Sounds interesting. But I have to be careful not to be burned at the stake. :D
 
The spawn of distortion, is harmonics. Another little gremlin to tackle. But i dare not argue, as I am foolin with the big boys on this one. Did you get a chance to read up on Ba3 article? I constantly find myself looking for distortion. I liked to be lied to. What can i say. Crazy audio people.
 
Dr. Mazzola. Are the plots you showed earlier from "pulse" testing?. I hope that your following article will shed light on the testing methodology. Please examine the schematic of diyF6. The two R100A are on a generous heat sink. I see the possibility to use this assembled amp to methodically [linearly] generate their static transfer curves. One has a variac to adjust +/-Vds, and the R100As has bias control to scan Idss.
 
Dr. Mazzola. Are the plots you showed earlier from "pulse" testing?. I hope that your following article will shed light on the testing methodology. Please examine the schematic of diyF6. The two R100A are on a generous heat sink. I see the possibility to use this assembled amp to methodically [linearly] generate their static transfer curves. One has a variac to adjust +/-Vds, and the R100As has bias control to scan Idss.

Yes, fast pulse testing. And even more than that, "sweep" followed by "single" step generation to confirm the sweep trace. And even more than that, low enough offset that dc current does not flow before I push the "single" button. Changes in junction temperature will really foul up the measurements.

You're on to something about using an amplifier to measure the static transfer curves. That's something every DIY'er will have (eventually, once they finish one). I had the same thought for fixing the data source problem. I couldn't afford a Tek 370B on my own nickel. :eek: No shame in using what you got.
 
Dr. Mazzola. Thank you for the plots you showed earlier. I'll put a ruler to each of paper copies and get the best estimate of a linear function to determine a sweet spot. The plots are the best tool available today.
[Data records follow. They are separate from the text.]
section \<open>Series in an orthonormal family\<close>

definition orthonormal :: "'w measure \<Rightarrow> ('v \<Rightarrow> 'w \<Rightarrow> real) \<Rightarrow> bool" where
  "orthonormal M W \<longleftrightarrow> (\<forall>u. W u \<in> borel_measurable M) \<and>
     (\<forall>u w. integrable M (\<lambda>x. W u x * W w x) \<and> (\<integral>x. W u x * W w x \<partial>M) = (if u = w then 1 else 0))"

lemma iid_std_normal_measurable: "iid_std_normal M Z \<Longrightarrow> Z u \<in> borel_measurable M"
  unfolding iid_std_normal_def using distributed_measurable[of M lborel "Z u"] by auto

lemma iid_std_normal_moments:
  assumes "iid_std_normal M Z"
  shows "integrable M (Z u)" "(\<integral>x. Z u x \<partial>M) = 0"
    "integrable M (\<lambda>x. Z u x * Z u x)" "(\<integral>x. Z u x * Z u x \<partial>M) = 1"
proof -
  have D: "distributed M lborel (Z u) std_normal_density" and P: "prob_space M"
    using assms by (auto simp: iid_std_normal_def)
  show "integrable M (Z u)"
    using distributed_integrable_var[OF D] integrable_std_normal_moment[of 1] by simp
  show "(\<integral>x. Z u x \<partial>M) = 0"
    using prob_space.standard_normal_distributed_expectation[OF P D] .
  show "integrable M (\<lambda>x. Z u x * Z u x)"
    using distributed_integrable[OF D, of "\<lambda>x. x * x"] integrable_std_normal_moment[of 2]
    by (simp add: power2_eq_square)
  show "(\<integral>x. Z u x * Z u x \<partial>M) = 1"
    using distributed_integral[OF D, of "\<lambda>x. x * x"] integral_std_normal_moment_even[of 1]
    by (simp add: power2_eq_square)
qed

lemma orthonormal_iid_std_normal:
  assumes I: "iid_std_normal M Z" and "inj f"
  shows "orthonormal M (\<lambda>u. Z (f u))"
proof -
  have P: "prob_space M" and Ind: "prob_space.indep_vars M (\<lambda>_. borel) Z UNIV"
    using I by (auto simp: iid_std_normal_def)
  have "integrable M (\<lambda>x. Z (f u) x * Z (f w) x) \<and> (\<integral>x. Z (f u) x * Z (f w) x \<partial>M) = 0"
    if "u \<noteq> w" for u w
  proof -
    have ne: "f u \<noteq> f w" using that \<open>inj f\<close> by (auto simp: inj_eq)
    have Ind2: "prob_space.indep_vars M (\<lambda>_. borel) Z {f u, f w}"
      using prob_space.indep_vars_subset[OF P Ind] by auto
    have "integrable M (\<lambda>x. \<Prod>i\<in>{f u, f w}. Z i x)"
      "(\<integral>x. (\<Prod>i\<in>{f u, f w}. Z i x) \<partial>M) = (\<Prod>i\<in>{f u, f w}. \<integral>x. Z i x \<partial>M)"
      by (auto intro!: prob_space.indep_vars_integrable[OF P _ Ind2]
          prob_space.indep_vars_lebesgue_integral[OF P _ Ind2] iid_std_normal_moments[OF I])
    then show ?thesis using ne by (simp add: iid_std_normal_moments[OF I])
  qed
  then show ?thesis
    unfolding orthonormal_def using iid_std_normal_measurable[OF I] iid_std_normal_moments[OF I]
    by auto
qed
Dr. Mazzola. I superimposed the graphs manually. The net graph is attached.
  • DUT #1 is different from the similar #0 and 2 devices. Will I be happy if I used DUTs 1 and 2 in diyF6?
  • Let 1.5 A be the idle state [that of the idle sweet spot]
  • The transfer functions are more curved heading to values lower than 1.5 A and more linear at values higher than 1.5 A. Inclination to believe the pulse sweet spot [Id] is higher than 1.5 A.
  • Vgs for the similar devices is ~1.3 V
  • There is an inclination to assume there is a discrepancy between the static [established by Pass and DIYers] and the pulse sweet spots.
  • Temperature effect; pulse at 20 Celsius ? and static at ~50 Celsius.
Best regards.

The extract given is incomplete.